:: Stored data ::
section \<open>Equal block data gives conjugate commutants\<close>

lemma matrix_inv_orth: fixes k :: "real^'n^'n" assumes "orthogonal_matrix k"
  shows "matrix_inv k = transpose k"
proof -
  have k: "transpose k ** k = mat 1" "k ** transpose k = mat 1" using assms by (auto simp: orthogonal_matrix_def)
  have "A = transpose k" if "k ** A = mat 1 \<and> A ** k = mat 1" for A :: "real^'n^'n"
  proof -
    have "A = A ** (k ** transpose k)" using k by simp
    also have "\<dots> = (A ** k) ** transpose k" by (simp add: matrix_mul_assoc)
    also have "\<dots> = transpose k" using that by simp
    finally show ?thesis .
  qed
  moreover have "k ** transpose k = mat 1 \<and> transpose k ** k = mat 1" using k by simp
  ultimately show ?thesis unfolding matrix_inv_def by (metis (mono_tags, lifting) someI_ex)
qed

lemma centralizer_O_iff:
  "h \<in> centralizer_O u \<longleftrightarrow> orthogonal_matrix h \<and> (\<forall>x. h *v (u *v x) = u *v (h *v x))"
  by (simp add: centralizer_O_def orth_group_def matrix_eq matrix_vector_mul_assoc)

locale block_matching = f: orth_map f + g: orth_map g for f g :: "real^'n^'n" +
  fixes \<sigma> :: "real \<Rightarrow> real"
  assumes bij: "bij_betw \<sigma> f.spec g.spec"
    and dims: "\<And>c. c \<in> f.spec \<Longrightarrow> dim (f.W c) = dim (g.W (\<sigma> c))"
    and types: "\<And>c. c \<in> f.spec \<Longrightarrow> \<bar>c\<bar> < 2 \<longleftrightarrow> \<bar>\<sigma> c\<bar> < 2"
begin

definition block_iso :: "real \<Rightarrow> (real^'n \<Rightarrow> real^'n) \<Rightarrow> bool" where
  "block_iso c K \<longleftrightarrow> linear K \<and> K ` f.W c = g.W (\<sigma> c) \<and> (\<forall>x\<in>f.W c. norm (K x) = norm x)
     \<and> (\<bar>c\<bar> < 2 \<longrightarrow> (\<forall>x\<in>f.W c. K (f.J c x) = g.J (\<sigma> c) (K x)))"

text \<open>Such isometries exist: on rotation blocks by the classification of complex structures,
  on real blocks since the dimensions agree.\<close>
lemma block_iso_exists: assumes c: "c \<in> f.spec" shows "\<exists>K. block_iso c K"
proof (cases "\<bar>c\<bar> < 2")
  case True
  then have "\<bar>\<sigma> c\<bar> < 2" using types[OF c] by simp
  then obtain K where "complex_isometry K (f.W c) (f.J c) (g.W (\<sigma> c)) (g.J (\<sigma> c))"
    using complex_structures_isometric f.complex_structure_W[OF True] g.complex_structure_W dims[OF c] by blast
  then show ?thesis unfolding block_iso_def complex_isometry_def by blast
next
  case False
  obtain K where "linear K" "K ` f.W c = g.W (\<sigma> c)" "\<And>x. x \<in> f.W c \<Longrightarrow> norm (K x) = norm x"
    using isometries_subspaces[OF f.W_sub g.W_sub dims[OF c]] by metis
  then show ?thesis using False unfolding block_iso_def by blast
qed

definition iso_on :: "real \<Rightarrow> real^'n \<Rightarrow> real^'n" where "iso_on c = (SOME K. block_iso c K)"

lemma iso_on: "c \<in> f.spec \<Longrightarrow> block_iso c (iso_on c)"
  unfolding iso_on_def using block_iso_exists someI_ex by metis

definition K :: "real^'n \<Rightarrow> real^'n" where
  "K x = (\<Sum>c\<in>f.spec. iso_on c (oproj (f.W c) x))"

lemma K_linear: "linear K"
proof -
  have "linear (\<lambda>x. iso_on c (oproj (f.W c) x))" if "c \<in> f.spec" for c
    using iso_on[OF that] oproj_linear[OF f.W_sub] unfolding block_iso_def
    by (simp add: linear_compose[unfolded o_def])
  then show ?thesis unfolding K_def by (intro linear_compose_sum) auto
qed

lemma K_block: assumes c: "c \<in> f.spec" and x: "x \<in> f.W c" shows "K x = iso_on c x"
proof -
  have "K x = (\<Sum>c'\<in>f.spec. if c' = c then iso_on c x else 0)"
    unfolding K_def
  proof (rule sum.cong[OF refl])
    fix c' assume c': "c' \<in> f.spec"
    show "iso_on c' (oproj (f.W c') x) = (if c' = c then iso_on c x else 0)"
    proof (cases "c' = c")
      case True then show ?thesis using x by (simp add: oproj_id f.W_sub)
    next
      case False
      then have "oproj (f.W c') x = 0" using f.W_orth[OF x] by (intro oproj_zero[OF f.W_sub]) auto
      then show ?thesis using False iso_on[OF c'] by (simp add: block_iso_def linear_0)
    qed
  qed
  also have "\<dots> = iso_on c x" using c f.finite_spec by simp
  finally show ?thesis .
qed

text \<open>\<open>K\<close> is isometric by Pythagoras, as it maps the orthogonal blocks of \<open>f\<close> isometrically
  onto the orthogonal blocks of \<open>g\<close>.\<close>
lemma K_norm: "norm (K x) = norm x"
proof -
  let ?p = "\<lambda>c. oproj (f.W c) x"
  have inW: "iso_on c (?p c) \<in> g.W (\<sigma> c)" if "c \<in> f.spec" for c
    using iso_on[OF that] oproj_in[OF f.W_sub] unfolding block_iso_def by blast
  have "(norm (K x))^2 = (\<Sum>c\<in>f.spec. (norm (iso_on c (?p c)))^2)"
    unfolding K_def
  proof (rule norm_sum_Pythagorean[OF f.finite_spec])
    show "pairwise (\<lambda>i j. orthogonal (iso_on i (?p i)) (iso_on j (?p j))) f.spec"
      unfolding pairwise_def orthogonal_def
    proof (intro ballI impI)
      fix i j assume ij: "i \<in> f.spec" "j \<in> f.spec" "i \<noteq> j"
      then have "\<sigma> i \<noteq> \<sigma> j" using bij by (auto simp: bij_betw_def inj_on_def)
      then show "iso_on i (?p i) \<bullet> iso_on j (?p j) = 0" using g.W_orth[OF inW[OF ij(1)] inW[OF ij(2)]] by blast
    qed
  qed
  also have "\<dots> = (\<Sum>c\<in>f.spec. (norm (?p c))^2)"
    using iso_on oproj_in[OF f.W_sub] unfolding block_iso_def by (intro sum.cong) auto
  also have "\<dots> = (norm (\<Sum>c\<in>f.spec. ?p c))^2"
  proof (rule norm_sum_Pythagorean[OF f.finite_spec, symmetric])
    show "pairwise (\<lambda>i j. orthogonal (?p i) (?p j)) f.spec"
      unfolding pairwise_def orthogonal_def using f.W_orth oproj_in[OF f.W_sub] by blast
  qed
  also have "(\<Sum>c\<in>f.spec. ?p c) = x" using f.block_decomposition[of x] by simp
  finally show ?thesis by (simp add: power2_eq_iff_nonneg)
qed

definition k :: "real^'n^'n" where "k = matrix K"

lemma K_orth: "orthogonal_transformation K"
  using K_linear K_norm by (simp add: orthogonal_transformation)

lemma k_orth: "orthogonal_matrix k"
  using K_orth K_linear by (simp add: k_def orthogonal_transformation_matrix)

lemma k_apply: "k *v x = K x"
  using K_linear by (simp add: k_def)

lemma kT_k: "transpose k *v (k *v x) = x"
  using k_orth unfolding orthogonal_matrix_def by (metis matrix_vector_mul_assoc matrix_vector_mul_lid)

lemma K_inj: "K a = K b \<Longrightarrow> a = b"
  using kT_k by (metis k_apply)

lemma K_image: "c \<in> f.spec \<Longrightarrow> K ` f.W c = g.W (\<sigma> c)"
  using iso_on K_block unfolding block_iso_def by (metis (no_types, lifting) image_cong)

lemma K_J: "c \<in> f.spec \<Longrightarrow> \<bar>c\<bar> < 2 \<Longrightarrow> x \<in> f.W c \<Longrightarrow> K (f.J c x) = g.J (\<sigma> c) (K x)"
  using iso_on K_block f.J_W unfolding block_iso_def by metis

lemma respects_block_conj:
  fixes h :: "real^'n^'n"
  assumes c: "c \<in> f.spec"
  defines "H \<equiv> (\<lambda>x. h *v x)" and "H' \<equiv> (\<lambda>y. k *v (h *v (transpose k *v y)))"
  shows "f.respects_block H c \<longleftrightarrow> g.respects_block H' (\<sigma> c)"
proof -
  have H'K: "H' (K x) = K (H x)" for x by (simp add: H'_def H_def k_apply[symmetric] kT_k)
  have injK: "inj K" using K_inj by (rule injI)
  have pres: "(\<forall>x\<in>f.W c. H x \<in> f.W c) \<longleftrightarrow> (\<forall>y\<in>g.W (\<sigma> c). H' y \<in> g.W (\<sigma> c))"
    unfolding K_image[OF c, symmetric] by (auto simp: H'K inj_image_mem_iff[OF injK])
  have J: "(\<forall>x\<in>f.W c. H (f.J c x) = f.J c (H x)) \<longleftrightarrow> (\<forall>y\<in>g.W (\<sigma> c). H' (g.J (\<sigma> c) y) = g.J (\<sigma> c) (H' y))"
    if cc: "\<bar>c\<bar> < 2" and inv: "\<forall>x\<in>f.W c. H x \<in> f.W c"
  proof -
    have "H (f.J c x) = f.J c (H x) \<longleftrightarrow> H' (g.J (\<sigma> c) (K x)) = g.J (\<sigma> c) (H' (K x))"
      if x: "x \<in> f.W c" for x
      using K_J[OF c cc x] K_J[OF c cc inv[rule_format, OF x]] H'K inj_eq[OF injK] by metis
    then show ?thesis unfolding K_image[OF c, symmetric] by auto
  qed
  show ?thesis
    unfolding f.respects_block_def g.respects_block_def using pres J types[OF c] by blast
qed

lemma conj_comm:
  fixes h :: "real^'n^'n"
  shows "(\<forall>x. h *v (f *v x) = f *v (h *v x)) \<longleftrightarrow>
         (\<forall>y. (k ** h ** transpose k) *v (g *v y) = g *v ((k ** h ** transpose k) *v y))"
proof -
  let ?H' = "\<lambda>y. k *v (h *v (transpose k *v y))"
  have e: "(\<lambda>y. (k ** h ** transpose k) *v y) = ?H'" by (simp add: matrix_vector_mul_assoc[symmetric])
  have "(\<forall>x. h *v (f *v x) = f *v (h *v x)) \<longleftrightarrow> (\<forall>c\<in>f.spec. f.respects_block ((*v) h) c)"
    using f.commutes_iff_respects_blocks[of "(*v) h"] by simp
  also have "\<dots> \<longleftrightarrow> (\<forall>c\<in>f.spec. g.respects_block ?H' (\<sigma> c))" using respects_block_conj by blast
  also have "\<dots> \<longleftrightarrow> (\<forall>d\<in>\<sigma> ` f.spec. g.respects_block ?H' d)" by auto
  also have "\<sigma> ` f.spec = g.spec" using bij by (simp add: bij_betw_def)
  also have "(\<forall>d\<in>g.spec. g.respects_block ?H' d) \<longleftrightarrow> (\<forall>y. ?H' (g *v y) = g *v (?H' y))"
    using g.commutes_iff_respects_blocks[of ?H'] matrix_vector_mul_linear e by metis
  finally show ?thesis by (simp add: matrix_vector_mul_assoc[symmetric])
qed

lemma conj_centralizer: "(\<lambda>h. k ** h ** matrix_inv k) ` centralizer_O f = centralizer_O g"
proof -
  have kk: "k ** transpose k = mat 1" "transpose k ** k = mat 1" using k_orth by (auto simp: orthogonal_matrix_def)
  show ?thesis unfolding matrix_inv_orth[OF k_orth]
  proof safe
    fix h assume "h \<in> centralizer_O f"
    then show "k ** h ** transpose k \<in> centralizer_O g"
      using conj_comm[of h] k_orth by (simp add: centralizer_O_iff orthogonal_matrix_mul)
  next
    fix h' assume h': "h' \<in> centralizer_O g"
    define h where "h = transpose k ** h' ** k"
    have hback: "k ** h ** transpose k = h'" unfolding h_def
      by (simp add: matrix_mul_assoc kk) (simp add: matrix_mul_assoc[symmetric] kk)
    have "orthogonal_matrix h"
      using h' k_orth unfolding h_def by (simp add: centralizer_O_iff orthogonal_matrix_mul)
    then have "h \<in> centralizer_O f"
      using conj_comm[of h] h' unfolding hback by (simp add: centralizer_O_iff)
    then show "h' \<in> (\<lambda>h. k ** h ** transpose k) ` centralizer_O f" using hback by force
  qed
qed

end

lemma block_data_conj_centralizers:
  fixes f g :: "real^'n^'n"
  assumes f: "orthogonal_matrix f" and g: "orthogonal_matrix g" and b: "same_block_data f g"
  shows "\<exists>k. orthogonal_matrix k \<and> (\<lambda>h. k ** h ** matrix_inv k) ` centralizer_O f = centralizer_O g"
proof -
  obtain \<sigma> where s: "bij_betw \<sigma> (orth_map.spec f) (orth_map.spec g)"
    "\<forall>c\<in>orth_map.spec f. dim (orth_map.W f c) = dim (orth_map.W g (\<sigma> c)) \<and> (\<bar>c\<bar> < 2 \<longleftrightarrow> \<bar>\<sigma> c\<bar> < 2)"
    using b unfolding same_block_data_def by blast
  interpret m: block_matching f g \<sigma>
    by unfold_locales (use f g s in auto)
  show ?thesis using m.k_orth m.conj_centralizer by blast
qed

:: WHAT IS BEING ASKED ::
Read the entries and pick out all lines that include the word "fixes".

:: ANSWER AREA ::
lemma matrix_inv_orth: fixes k :: "real^'n^'n" assumes "orthogonal_matrix k"
  fixes \<sigma> :: "real \<Rightarrow> real"
  fixes h :: "real^'n^'n"
  fixes h :: "real^'n^'n"
  fixes f g :: "real^'n^'n"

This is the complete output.